By themselves, URLs are nothing but alphanumeric strings, with some other symbols thrown in. The character set chosen to express a URL string consists of the following symbols:
|
Symbols |
Values |
|
Alphanumeric symbols |
A-Z, a-z, 0-9 |
|
Reserved symbols |
; / ? : @ & = + $ , < > # % " |
|
Other special characters |
- _ . ! ~ * ' ( ) {} | \^ [ ] ` |
For the most part, a URL string consists of letters, numbers, and reserved symbols that have special meaning within the URL string. Other special characters are found in some URL strings, although they don't have any special meaning as far as the URL is concerned. However, they may have special meaning for the Web server receiving the URL or the application that is requested via the Web server.
Interpretations of some of these special characters are presented in Table 5-2.
Characters such as * and ; and | and ` have special meanings as meta-characters in applications and scripts. These characters don't affect the URL in any way, but if they end up making their way into applications, they may change the meaning of the input altogether and sometimes create gaping security holes.
Many meta-characters are interpreted differently by different Web servers. Table 5-3 describes how various meta-characters are interpreted inside applications.
The question that arises now is, "What if we want to specify special characters such as % or ? or & or + without giving them any special meaning?" For example, suppose we want to pass two parameters, book=pride&prejudice and shipping=snailmail, on the Query String. In this case, the URL is:
http://mycheapbookshop.com/purchase.cgi?book=pride&predjudice&shipping=snailmail
Meta-Characters and Input ValidationThe single most prominent cause of over 90% of all Web application vulnerabilities is lack of proper input validation. The concept of input validation isn't new. During our days of writing Fortran code in college, the instructor used to perform manual input validation before giving us credit for the code submitted. One of the programs to be written was to calculate the natural logarithm of a number. None of the students' code ever made it past the first input given by the instructor—"banana"—when the program was expecting a number! When given unexpected input, the program would crash and dump core. In those days, little did we realize the importance of proper input validation. Making an xterm pop out by forcing meta-characters and Unix commands into a Web page form is perhaps the epitome of elegant Web hacks, attributed entirely to weak input validation. |
The result is an ambiguous URL because there are three & symbols in the Query String. Most likely, a Web server would split such a Query String into three parameters instead of two—namely, book=pride, prejudice= and shipping=snailmail.

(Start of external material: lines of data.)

lemma exp_Xb_eq_twist:
  "\<exists>V H. lambda_der \<iota>B V \<and> vertical \<phi>0 V \<and> H $ 0 = 0 \<and> sop_exp \<iota>B Xb = twist H V"
proof -
  obtain F where F: "\<And>k. approximates k (fst (F k)) (snd (F k))"
    and stable: "\<And>i j k. k \<le> j \<Longrightarrow> i \<le> k \<Longrightarrow> fst (F j) $ i = fst (F k) $ i \<and> snd (F j) i = snd (F k) i"
    using approximating_sequence by blast
  define H where "H = Abs_fps (\<lambda>i. fst (F i) $ i)"
  define V where "V i = snd (F i) i" for i
  have H_k: "\<forall>i\<le>k. H $ i = fst (F k) $ i" and V_k: "\<forall>i\<le>k. V i = snd (F k) i" for k
    using stable by (simp_all add: H_def V_def)
  have H0: "H $ 0 = 0"
    using H_k[of 0] F[of 0] by (simp add: approximates_def)
  have V: "lambda_der \<iota>B V" and "vertical \<phi>0 V"
    using F by (auto simp: approximates_def lambda_der_def vertical_def V_def)
  moreover have "sop_exp \<iota>B Xb = twist H V"
  proof (intro ext fps_ext)
    fix f k
    show "sop_exp \<iota>B Xb f $ k = twist H V f $ k"
      using twist_perturb(1)[OF _ H0 _ V H_k V_k, of k f] F[of k] by (simp add: approximates_def)
  qed
  ultimately show ?thesis
    using H0 by blast
qed

end

theorem proposition3p7:
  fixes \<iota>A :: "'k::field_char_0 \<Rightarrow> 'a::comm_ring_1"
    and \<iota>B :: "'k \<Rightarrow> 'b::comm_ring_1"
    and pi0 :: "'a \<Rightarrow> 'a \<Rightarrow> 'a" and sigma0 :: "'b \<Rightarrow> 'b \<Rightarrow> 'b"
    and \<phi>0 :: "'a \<Rightarrow> 'b"
    and pi :: "nat \<Rightarrow> 'a \<Rightarrow> 'a \<Rightarrow> 'a" and sigma :: "nat \<Rightarrow> 'b \<Rightarrow> 'b \<Rightarrow> 'b"
    and X Xb :: "nat \<Rightarrow> 'b \<Rightarrow> 'b"
  assumes "alg_struct \<iota>A" and "alg_struct \<iota>B"
    and "poisson_bracket \<iota>A pi0" and "poisson_bracket \<iota>B sigma0"
    and "poisson_morphism \<iota>A \<iota>B pi0 sigma0 \<phi>0"
    and "formal_poisson_deformation \<iota>A pi0 pi"
    and "formal_poisson_deformation \<iota>B sigma0 sigma"
    and "H1_CE_der_trivial \<iota>A \<iota>B pi0 sigma0 \<phi>0"
    and "is_solution \<iota>B pi sigma \<phi>0 X"
    and "is_solution \<iota>B pi sigma \<phi>0 Xb"
  shows "(\<exists>V H. lambda_der \<iota>B V \<and> vertical \<phi>0 V \<and> fps_nth H 0 = 0 \<and>
            sop_exp \<iota>B Xb = sop_exp \<iota>B (ham_sop sigma H) \<circ> sop_exp \<iota>B X \<circ> sop_exp \<iota>B V)
         \<and> equivalent_solutions \<iota>B sigma \<phi>0 X Xb"
proof -
  interpret two_solutions \<iota>A \<iota>B pi0 sigma0 \<phi>0 pi sigma X Xb
    by unfold_locales (fact assms)+
  obtain V H where VH: "lambda_der \<iota>B V" "vertical \<phi>0 V" "H $ 0 = 0"
    "sop_exp \<iota>B Xb = sop_exp \<iota>B (ham_sop sigma H) \<circ> sop_exp \<iota>B X \<circ> sop_exp \<iota>B V"
    using exp_Xb_eq_twist unfolding twist_def by blast
  moreover have "equivalent_solutions \<iota>B sigma \<phi>0 X Xb"
    unfolding equivalent_solutions_def
    using VH ham_sop_lambda_der[OF sigma_kbilinear sigma_poisson VH(3)]
      ham_sop_bracket_derivation[OF sigma_kbilinear sigma_poisson] by blast
  ultimately show ?thesis
    by blast
qed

If we want to pass the & symbol as part of the parameter value, the URL specification allows us to express reserved and special characters in a two-digit hexadecimal encoded ASCII format, prefixed with a % symbol, as follows:
|
Characters |
Hex Values |
|
All hex encoded characters |
%XX (%00-%FF) |
|
Control characters |
%00-%1F, %7F |
|
Upper 8-bit ASCII characters |
%80-%FF |
|
Space |
%20 or + |
|
Carriage return |
%0d |
|
Line feed |
%0a |
In the preceding example, the ASCII value of the & symbol is 38 in decimal and 26 in hexadecimal. Therefore, if we want to express the & symbol, we can use %26 in its place. The URL in the example would become:
http://mycheapbookshop.com/purchase.cgi?book=pride%26predjudice&shipping=snailmail
Hexadecimal ASCII encoding, while serving purposes for the most part, isn't broad enough to represent character sets larger than 256 symbols. Most modern operating systems and applications support multibyte representations of character sets of languages other than English. Microsoft's IIS Web server supports URLs containing characters encoded with multibyte UCS Translation Format (UTF-8), in addition to hexadecimal ASCII encoding.
The Universal Character Set (UCS) is defined by the International Standards Organization's draft ISO 10646. Although UCS is maintained by ISO, a separate group was formed (primarily by software vendors) to allow representation of a variety of character sets with one unified scheme. This group came to be known as the Unicode Consortium (http://www.unicode.org). As standards were developed, both Unicode and UCS decided to adopt a common representation scheme so that the computing world didn't have to deal with separate standards for the same thing. UTF-8 encoding is defined in ISO 10646-1:2000 and in RFC 2279. For operating systems that have been designed around the ASCII character encoding scheme, UTF-8 allows for easy conversion and representation of multibyte Unicode characters using ASCII mappings.
Without going into the intricacies of how UTF-8 works, let's look at Unicode encoding from a URL's point of view. Two-byte Unicode characters are encoded by using %uXXYY, where XX and YY are hexadecimal values of the higher and lower byte respectively. For the standard ASCII characters %00 to %FF, the Unicode representation is %u0000 to %u00FF. The Web server decodes 16 bits at a time when dealing with Unicode encoded symbols.